Sleep stages and arousals were scored using 30-second epochs according to Rechtschaffen and Kales criteria. Apnea was defined as ≥ 90% reduction in thermocouple lasting ≥ 10 seconds and was classified as obstructive or central depending on whether respiratory effort was present or absent, respectively. Each polysomnography study was scored twice by blinded sleep technologists, first using the recommended definition of hypopnea from the 2007 AASM Scoring Manual (≥ 30% decrement in amplitude of nasal pressure flow signal for at least 10 seconds associated with a ≥ 4% oxygen desaturation; designated H4%), then using 2012 AASM guidelines (≥ 30% reduction in nasal pressure signal accompanied by ≥ 3% desaturation or an arousal; designated H3%/ar). The AHI4% and AHI3%/ar was calculated as the total number of apneas and hypopneas (H4% or H3%/ar, respectively) per hour of sleep. The hypopnea index was calculated as the number of hypopneas (HI4% or HI3%/ar, their respective definitions) per hour of sleep.

Primary Outcomes

Cardiovascular outcomes included self-reported history of arrhythmias (defined as atrial fibrillation, heart block, or history of pacemaker or defibrillator); ischemic heart disease (IHD; including history of coronary artery disease, myocardial infarction, angina, coronary revascularization); congestive heart failure (CHF). All outcomes were adjudicated by an internal medicine trained physician who verified their occurrence by reviewing the medical record.

Statistical Analysis

Cross-tabulation of demographics, symptoms, risk factors, and polysomnography was generated with descriptive statistics of mean (standard deviation) or median (interquartile range) for continuous variables, and frequency (percentage) for categorical variables. In addition, t test, Wilcoxon-Mann-Whitney test, or Pearson χ2 test were performed to determine statistically significant difference between groups for which OSA was diagnosed. Logistic regression model was used to determine whether groups in whom OSA was diagnosed were statistically significant predictors of adverse health outcomes with adjustment of age, sex, body mass index (BMI), hyperlipidemia, and diabetes mellitus (DM). The adjusted odds ratio (OR) and its 95% confidence interval (CI) were calculated with No-OSA group as reference. SAS version 9.4 software (SAS Institute, Inc., Cary, North Carolina, United States) was used for all statistical analysis. All of the P values were two-sided, with a level of significance of P < .05, with Holm-Bonferroni correction for multiple comparisons.
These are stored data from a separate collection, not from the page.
definition veldkamp_ngon :: "'a set \<Rightarrow> ('a \<Rightarrow> 'a \<Rightarrow> bool) \<Rightarrow> ('a \<Rightarrow> 'a \<Rightarrow> 'a \<Rightarrow> bool) \<Rightarrow> nat \<Rightarrow> bool" where
  "veldkamp_ngon V adj opp n \<longleftrightarrow> n \<ge> 2 \<and> veldkamp_graph V adj opp \<and>
    \<comment> \<open>VP1\<close>
    (\<forall>x\<in>V. \<forall>y\<in>V. adj\<^sup>*\<^sup>* x y) \<and>
    (\<exists>A. A \<subseteq> V \<and> (\<forall>x y. adj x y \<longrightarrow> (x \<in> A \<longleftrightarrow> y \<notin> A))) \<and>
    \<comment> \<open>VP2\<close>
    (\<forall>k p q. 1 \<le> k \<and> k \<le> n - 1 \<and> s_path V adj k p \<and> straight opp p \<and>
        is_path V adj q \<and> straight opp q \<and> length q \<le> k + 1 \<and>
        hd q = hd p \<and> last q = last p \<longrightarrow> q = p) \<and>
    \<comment> \<open>VP3\<close>
    (\<forall>p. s_path V adj (n + 1) p \<and> straight opp p \<longrightarrow>
        (\<exists>c. closed_s_path V adj (2 * n) c \<and> straight_circuit opp c \<and> lies_in p c))"

definition root :: "'a set \<Rightarrow> ('a \<Rightarrow> 'a \<Rightarrow> bool) \<Rightarrow> ('a \<Rightarrow> 'a \<Rightarrow> 'a \<Rightarrow> bool) \<Rightarrow> nat \<Rightarrow> 'a list \<Rightarrow> bool" where
  "root V adj opp n p \<longleftrightarrow> s_path V adj n p \<and> straight opp p"

end

theory Submission
  imports Defs
begin

text \<open>Reversing x and appending y_1 gives the path (x_n, ..., x_0, y_1), which is straight precisely
  because x_1 and y_1 are opposite at x_0. By (VP3) it lies in a straight 2n-circuit. Such a circuit
  is a genuine 2n-cycle, since a straight path returning to its start in fewer than 2n steps would
  split into two different straight paths of length less than n with common endpoints, contradicting
  (VP2). So the circuit continues from y_1 back to x_n in n - 1 steps, and by (VP2) this continuation
  is (y_1, ..., y_n). Hence x_(n-1) and y_(n-1) are the two circuit neighbours of x_n, which are
  opposite because the circuit is straight. The converse follows by reversing both roots.\<close>

lemma is_path_take:
  assumes "is_path V adj w" "0 < k"
  shows "is_path V adj (take k w)"
  using assms unfolding is_path_def
  by (auto simp: nth_take dest: in_set_takeD)

lemma is_path_drop:
  assumes "is_path V adj w" "k < length w"
  shows "is_path V adj (drop k w)"
proof -
  have "adj (drop k w ! i) (drop k w ! Suc i)" if "Suc i < length (drop k w)" for i
  proof -
    have "adj (w ! (k + i)) (w ! Suc (k + i))"
      using assms(1) that unfolding is_path_def by simp
    then show ?thesis using assms(2) by simp
  qed
  moreover have "drop k w ! i \<noteq> drop k w ! (i + 2)" if "i + 2 < length (drop k w)" for i
  proof -
    have "w ! (k + i) \<noteq> w ! (k + i + 2)"
      using assms(1) that unfolding is_path_def by simp
    then show ?thesis using assms(2) by (simp add: add.assoc)
  qed
  ultimately show ?thesis
    using assms set_drop_subset[of k w] unfolding is_path_def by auto
qed

lemma is_path_rev:
  assumes "is_path V adj w" "\<And>a b. adj a b \<Longrightarrow> adj b a"
  shows "is_path V adj (rev w)"
proof -
  let ?L = "length w"
  have "adj (rev w ! i) (rev w ! Suc i)" if i: "Suc i < length (rev w)" for i
  proof -
    have "Suc (?L - Suc (Suc i)) < ?L" using i by simp
    then have "adj (w ! (?L - Suc (Suc i))) (w ! Suc (?L - Suc (Suc i)))"
      using assms(1) unfolding is_path_def by blast
    moreover have "Suc (?L - Suc (Suc i)) = ?L - Suc i" using i by simp
    ultimately show ?thesis using i assms(2) by (simp add: rev_nth)
  qed
  moreover have "rev w ! i \<noteq> rev w ! (i + 2)" if i: "i + 2 < length (rev w)" for i
  proof -
    have "(?L - Suc (i + 2)) + 2 < ?L" using i by simp
    then have "w ! (?L - Suc (i + 2)) \<noteq> w ! ((?L - Suc (i + 2)) + 2)"
      using assms(1) unfolding is_path_def by blast
    moreover have "(?L - Suc (i + 2)) + 2 = ?L - Suc i" using i by simp
    ultimately show ?thesis using i by (simp add: rev_nth)
  qed
  ultimately show ?thesis using assms unfolding is_path_def by auto
qed

lemma is_path_snoc:
  assumes "is_path V adj w" "v \<in> V" "adj (last w) v"
    and "2 \<le> length w" "w ! (length w - 2) \<noteq> v"
  shows "is_path V adj (w @ [v])"
proof -
  have "adj ((w @ [v]) ! i) ((w @ [v]) ! Suc i)" if i: "Suc i < length w + 1" for i
  proof (cases "Suc i < length w")
    case True
    then show ?thesis using assms(1) unfolding is_path_def by (simp add: nth_append)
  next
    case False
    then have "i = length w - 1" using i by simp
    moreover have "w \<noteq> []" using assms(4) by auto
    ultimately show ?thesis using assms(3) by (simp add: nth_append last_conv_nth)
  qed
  moreover have "(w @ [v]) ! i \<noteq> (w @ [v]) ! (i + 2)" if i: "i + 2 < length w + 1" for i
  proof (cases "i + 2 < length w")
    case True
    then show ?thesis using assms(1) unfolding is_path_def by (simp add: nth_append)
  next
    case False
    then have "length w = i + 2" using i by simp
    then have "(w @ [v]) ! i = w ! (length w - 2)" "(w @ [v]) ! (i + 2) = v"
      by (simp_all add: nth_append)
    then show ?thesis using assms(5) by simp
  qed
  ultimately show ?thesis using assms(1,2) unfolding is_path_def by auto
qed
Characteristics of a Newly Defined OSA Group

Among 1,843 eligible individuals, 443 were excluded due to incomplete medical record or polysomnography data. These patients did not differ significantly in demographics as the remaining 1,400 individuals who qualified for the study. Among the 1,400 participants, 932 (66.6%) received a diagnosis of OSA based on criteria of AHI4% ≥ 5 events/h. When ≥ 3% desaturation or arousal criteria for hypopnea was applied, it captured another 175 new diagnoses of OSA (OSAnew) among the 468 previously negative studies. In other words, 37.4% of participants who were negative for OSA based on ≥ 4% desaturation criteria now had a diagnosis of OSA based on AHI3%/ar criteria. Participants qualifying for a diagnosis of OSA based on ≥ 4% desaturation scoring guidelines (OSA4%) were more likely to be male, older, more likely to have obesity, and had a greater smoking history than the OSAnew group, as well as those who did not qualify for an OSA diagnosis based on either criterion (No-OSA). The OSAnew group was in turn more likely to be male and more likely to have obesity than those in the No-OSA group. Most participants in all study groups had hypertension. Table 1 compares demographic and anthropomorphic data of participants in the various diagnostic categories.

Baseline characteristics of DREAM cohort.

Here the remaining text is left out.